##### Record set

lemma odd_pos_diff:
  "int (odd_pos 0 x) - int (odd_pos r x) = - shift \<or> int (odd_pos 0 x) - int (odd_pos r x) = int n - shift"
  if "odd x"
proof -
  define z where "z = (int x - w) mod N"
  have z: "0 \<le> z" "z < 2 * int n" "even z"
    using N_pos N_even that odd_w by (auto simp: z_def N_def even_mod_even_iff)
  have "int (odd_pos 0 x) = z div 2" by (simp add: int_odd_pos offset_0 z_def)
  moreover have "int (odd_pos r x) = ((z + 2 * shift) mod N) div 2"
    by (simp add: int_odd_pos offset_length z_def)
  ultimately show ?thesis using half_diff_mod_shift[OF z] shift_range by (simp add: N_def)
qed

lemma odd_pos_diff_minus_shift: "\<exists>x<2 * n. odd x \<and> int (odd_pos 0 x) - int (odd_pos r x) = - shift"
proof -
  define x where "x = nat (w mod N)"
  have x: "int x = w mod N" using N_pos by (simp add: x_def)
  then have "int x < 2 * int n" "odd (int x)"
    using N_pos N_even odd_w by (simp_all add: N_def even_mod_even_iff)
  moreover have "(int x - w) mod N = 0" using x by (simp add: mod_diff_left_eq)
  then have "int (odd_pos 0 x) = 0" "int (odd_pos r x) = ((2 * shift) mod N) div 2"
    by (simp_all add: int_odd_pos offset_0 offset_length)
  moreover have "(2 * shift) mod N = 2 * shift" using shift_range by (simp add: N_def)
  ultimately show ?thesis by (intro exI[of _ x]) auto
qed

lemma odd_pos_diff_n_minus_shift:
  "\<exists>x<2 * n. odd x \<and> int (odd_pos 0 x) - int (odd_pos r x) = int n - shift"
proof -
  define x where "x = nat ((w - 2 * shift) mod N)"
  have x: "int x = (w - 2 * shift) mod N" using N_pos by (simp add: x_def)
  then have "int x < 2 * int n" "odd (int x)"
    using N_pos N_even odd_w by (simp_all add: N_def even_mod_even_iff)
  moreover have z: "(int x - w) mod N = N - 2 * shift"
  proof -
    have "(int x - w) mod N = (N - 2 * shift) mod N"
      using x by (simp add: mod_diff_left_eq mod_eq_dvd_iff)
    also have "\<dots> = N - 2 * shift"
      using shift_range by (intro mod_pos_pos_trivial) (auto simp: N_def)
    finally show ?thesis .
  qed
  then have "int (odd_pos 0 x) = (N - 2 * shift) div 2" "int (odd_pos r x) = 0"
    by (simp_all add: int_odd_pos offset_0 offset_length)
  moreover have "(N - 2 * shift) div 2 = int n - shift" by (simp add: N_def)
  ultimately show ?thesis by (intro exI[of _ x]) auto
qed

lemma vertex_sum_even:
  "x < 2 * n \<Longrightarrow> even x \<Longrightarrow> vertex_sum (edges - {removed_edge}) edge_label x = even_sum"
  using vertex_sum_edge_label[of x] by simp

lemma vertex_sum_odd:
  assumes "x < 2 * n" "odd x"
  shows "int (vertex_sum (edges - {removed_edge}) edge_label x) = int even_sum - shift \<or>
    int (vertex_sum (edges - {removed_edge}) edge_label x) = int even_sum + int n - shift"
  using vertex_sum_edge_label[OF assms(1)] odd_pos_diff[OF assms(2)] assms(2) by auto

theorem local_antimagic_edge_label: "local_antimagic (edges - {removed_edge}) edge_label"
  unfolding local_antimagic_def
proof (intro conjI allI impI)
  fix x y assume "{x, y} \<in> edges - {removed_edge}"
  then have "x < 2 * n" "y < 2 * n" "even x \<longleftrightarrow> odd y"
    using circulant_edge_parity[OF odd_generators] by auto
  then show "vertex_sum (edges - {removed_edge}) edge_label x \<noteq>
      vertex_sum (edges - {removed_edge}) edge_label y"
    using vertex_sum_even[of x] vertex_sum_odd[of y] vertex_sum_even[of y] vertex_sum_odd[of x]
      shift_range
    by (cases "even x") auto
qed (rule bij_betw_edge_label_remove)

##########
##### Record set

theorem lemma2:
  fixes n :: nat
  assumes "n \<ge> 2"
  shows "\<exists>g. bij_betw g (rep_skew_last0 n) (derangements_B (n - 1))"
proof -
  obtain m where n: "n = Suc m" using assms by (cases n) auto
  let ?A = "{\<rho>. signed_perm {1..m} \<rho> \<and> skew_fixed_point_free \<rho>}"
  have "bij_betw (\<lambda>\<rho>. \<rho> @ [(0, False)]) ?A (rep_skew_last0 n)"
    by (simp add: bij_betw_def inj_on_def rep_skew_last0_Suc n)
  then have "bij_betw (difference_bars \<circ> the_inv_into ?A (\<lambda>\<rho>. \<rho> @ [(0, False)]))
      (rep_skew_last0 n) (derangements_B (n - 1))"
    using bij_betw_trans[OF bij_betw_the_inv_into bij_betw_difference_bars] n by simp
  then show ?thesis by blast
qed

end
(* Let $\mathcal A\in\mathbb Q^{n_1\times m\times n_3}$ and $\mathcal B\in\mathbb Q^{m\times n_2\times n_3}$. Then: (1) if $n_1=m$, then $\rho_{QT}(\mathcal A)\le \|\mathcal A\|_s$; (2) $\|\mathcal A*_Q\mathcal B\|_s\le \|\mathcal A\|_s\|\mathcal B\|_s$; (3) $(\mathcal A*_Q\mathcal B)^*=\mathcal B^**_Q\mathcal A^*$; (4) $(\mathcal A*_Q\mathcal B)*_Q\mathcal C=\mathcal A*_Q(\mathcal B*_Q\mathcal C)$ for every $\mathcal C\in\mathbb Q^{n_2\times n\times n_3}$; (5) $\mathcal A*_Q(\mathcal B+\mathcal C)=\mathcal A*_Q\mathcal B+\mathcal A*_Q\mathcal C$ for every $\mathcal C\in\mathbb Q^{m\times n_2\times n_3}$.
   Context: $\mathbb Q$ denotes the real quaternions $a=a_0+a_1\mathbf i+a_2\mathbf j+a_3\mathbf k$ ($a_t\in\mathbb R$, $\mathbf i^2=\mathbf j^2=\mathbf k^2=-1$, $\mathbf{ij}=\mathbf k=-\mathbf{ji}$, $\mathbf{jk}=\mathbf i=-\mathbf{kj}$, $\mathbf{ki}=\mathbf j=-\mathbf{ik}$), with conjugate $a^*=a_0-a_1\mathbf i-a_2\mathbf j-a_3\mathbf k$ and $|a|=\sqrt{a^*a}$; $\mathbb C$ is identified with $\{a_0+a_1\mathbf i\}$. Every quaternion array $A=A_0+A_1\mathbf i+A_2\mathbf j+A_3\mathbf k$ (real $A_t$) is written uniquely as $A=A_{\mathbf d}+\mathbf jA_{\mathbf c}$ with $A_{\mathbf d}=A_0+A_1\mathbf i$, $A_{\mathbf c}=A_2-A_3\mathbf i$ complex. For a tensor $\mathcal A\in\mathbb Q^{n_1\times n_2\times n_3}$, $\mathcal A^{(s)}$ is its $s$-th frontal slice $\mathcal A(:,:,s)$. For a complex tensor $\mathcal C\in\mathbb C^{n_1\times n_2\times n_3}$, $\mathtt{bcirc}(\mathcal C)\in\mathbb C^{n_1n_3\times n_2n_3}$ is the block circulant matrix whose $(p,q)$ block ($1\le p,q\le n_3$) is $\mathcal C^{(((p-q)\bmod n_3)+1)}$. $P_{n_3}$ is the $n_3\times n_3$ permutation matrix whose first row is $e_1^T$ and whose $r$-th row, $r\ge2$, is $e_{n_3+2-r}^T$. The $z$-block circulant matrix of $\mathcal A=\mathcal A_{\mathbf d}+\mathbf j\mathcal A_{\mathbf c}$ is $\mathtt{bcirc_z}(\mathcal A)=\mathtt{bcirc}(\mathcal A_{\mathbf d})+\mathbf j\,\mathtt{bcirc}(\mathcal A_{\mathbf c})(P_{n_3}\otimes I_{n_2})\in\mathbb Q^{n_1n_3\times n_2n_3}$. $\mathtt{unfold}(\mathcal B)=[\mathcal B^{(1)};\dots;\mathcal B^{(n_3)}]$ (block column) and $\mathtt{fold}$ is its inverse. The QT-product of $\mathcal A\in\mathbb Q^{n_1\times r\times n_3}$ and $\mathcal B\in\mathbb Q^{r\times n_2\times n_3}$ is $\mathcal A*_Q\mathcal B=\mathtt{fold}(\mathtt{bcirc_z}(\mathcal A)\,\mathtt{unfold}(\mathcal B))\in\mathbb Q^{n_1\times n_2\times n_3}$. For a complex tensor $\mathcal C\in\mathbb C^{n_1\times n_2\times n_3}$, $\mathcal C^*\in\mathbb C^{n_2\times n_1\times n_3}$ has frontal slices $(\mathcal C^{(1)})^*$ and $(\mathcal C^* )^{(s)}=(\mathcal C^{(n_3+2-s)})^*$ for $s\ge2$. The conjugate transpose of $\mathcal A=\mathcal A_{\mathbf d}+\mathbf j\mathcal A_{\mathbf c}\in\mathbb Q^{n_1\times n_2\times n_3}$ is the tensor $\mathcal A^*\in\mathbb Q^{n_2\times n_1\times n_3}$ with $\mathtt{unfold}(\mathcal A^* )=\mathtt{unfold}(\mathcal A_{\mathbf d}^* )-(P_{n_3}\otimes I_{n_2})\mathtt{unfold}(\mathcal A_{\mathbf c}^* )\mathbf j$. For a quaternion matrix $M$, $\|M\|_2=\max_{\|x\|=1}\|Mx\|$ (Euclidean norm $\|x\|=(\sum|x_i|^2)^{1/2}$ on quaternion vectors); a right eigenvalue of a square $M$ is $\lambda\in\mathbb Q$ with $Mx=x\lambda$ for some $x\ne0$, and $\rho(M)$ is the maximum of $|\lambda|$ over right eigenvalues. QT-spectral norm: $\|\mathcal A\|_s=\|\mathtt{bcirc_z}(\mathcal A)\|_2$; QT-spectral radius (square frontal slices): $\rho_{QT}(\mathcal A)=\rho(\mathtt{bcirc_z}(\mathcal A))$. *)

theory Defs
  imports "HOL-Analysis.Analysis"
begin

##########

● Problem description: Repeat exactly the lines of the listing above, from the one with "(\<lambda>\<rho>. \<rho> @ [(0, False)]))" down to the one with "(* Let $\mathcal"; both of those lines belong in the range.

● Worked solution:
  then have "bij_betw (difference_bars \<circ> the_inv_into ?A (\<lambda>\<rho>. \<rho> @ [(0, False)]))
      (rep_skew_last0 n) (derangements_B (n - 1))"
    using bij_betw_trans[OF bij_betw_the_inv_into bij_betw_difference_bars] n by simp
  then show ?thesis by blast
qed

end
(* Let $\mathcal A\in\mathbb Q^{n_1\times m\times n_3}$ and $\mathcal B\in\mathbb Q^{m\times n_2\times n_3}$. Then: (1) if $n_1=m$, then $\rho_{QT}(\mathcal A)\le \|\mathcal A\|_s$; (2) $\|\mathcal A*_Q\mathcal B\|_s\le \|\mathcal A\|_s\|\mathcal B\|_s$; (3) $(\mathcal A*_Q\mathcal B)^*=\mathcal B^**_Q\mathcal A^*$; (4) $(\mathcal A*_Q\mathcal B)*_Q\mathcal C=\mathcal A*_Q(\mathcal B*_Q\mathcal C)$ for every $\mathcal C\in\mathbb Q^{n_2\times n\times n_3}$; (5) $\mathcal A*_Q(\mathcal B+\mathcal C)=\mathcal A*_Q\mathcal B+\mathcal A*_Q\mathcal C$ for every $\mathcal C\in\mathbb Q^{m\times n_2\times n_3}$.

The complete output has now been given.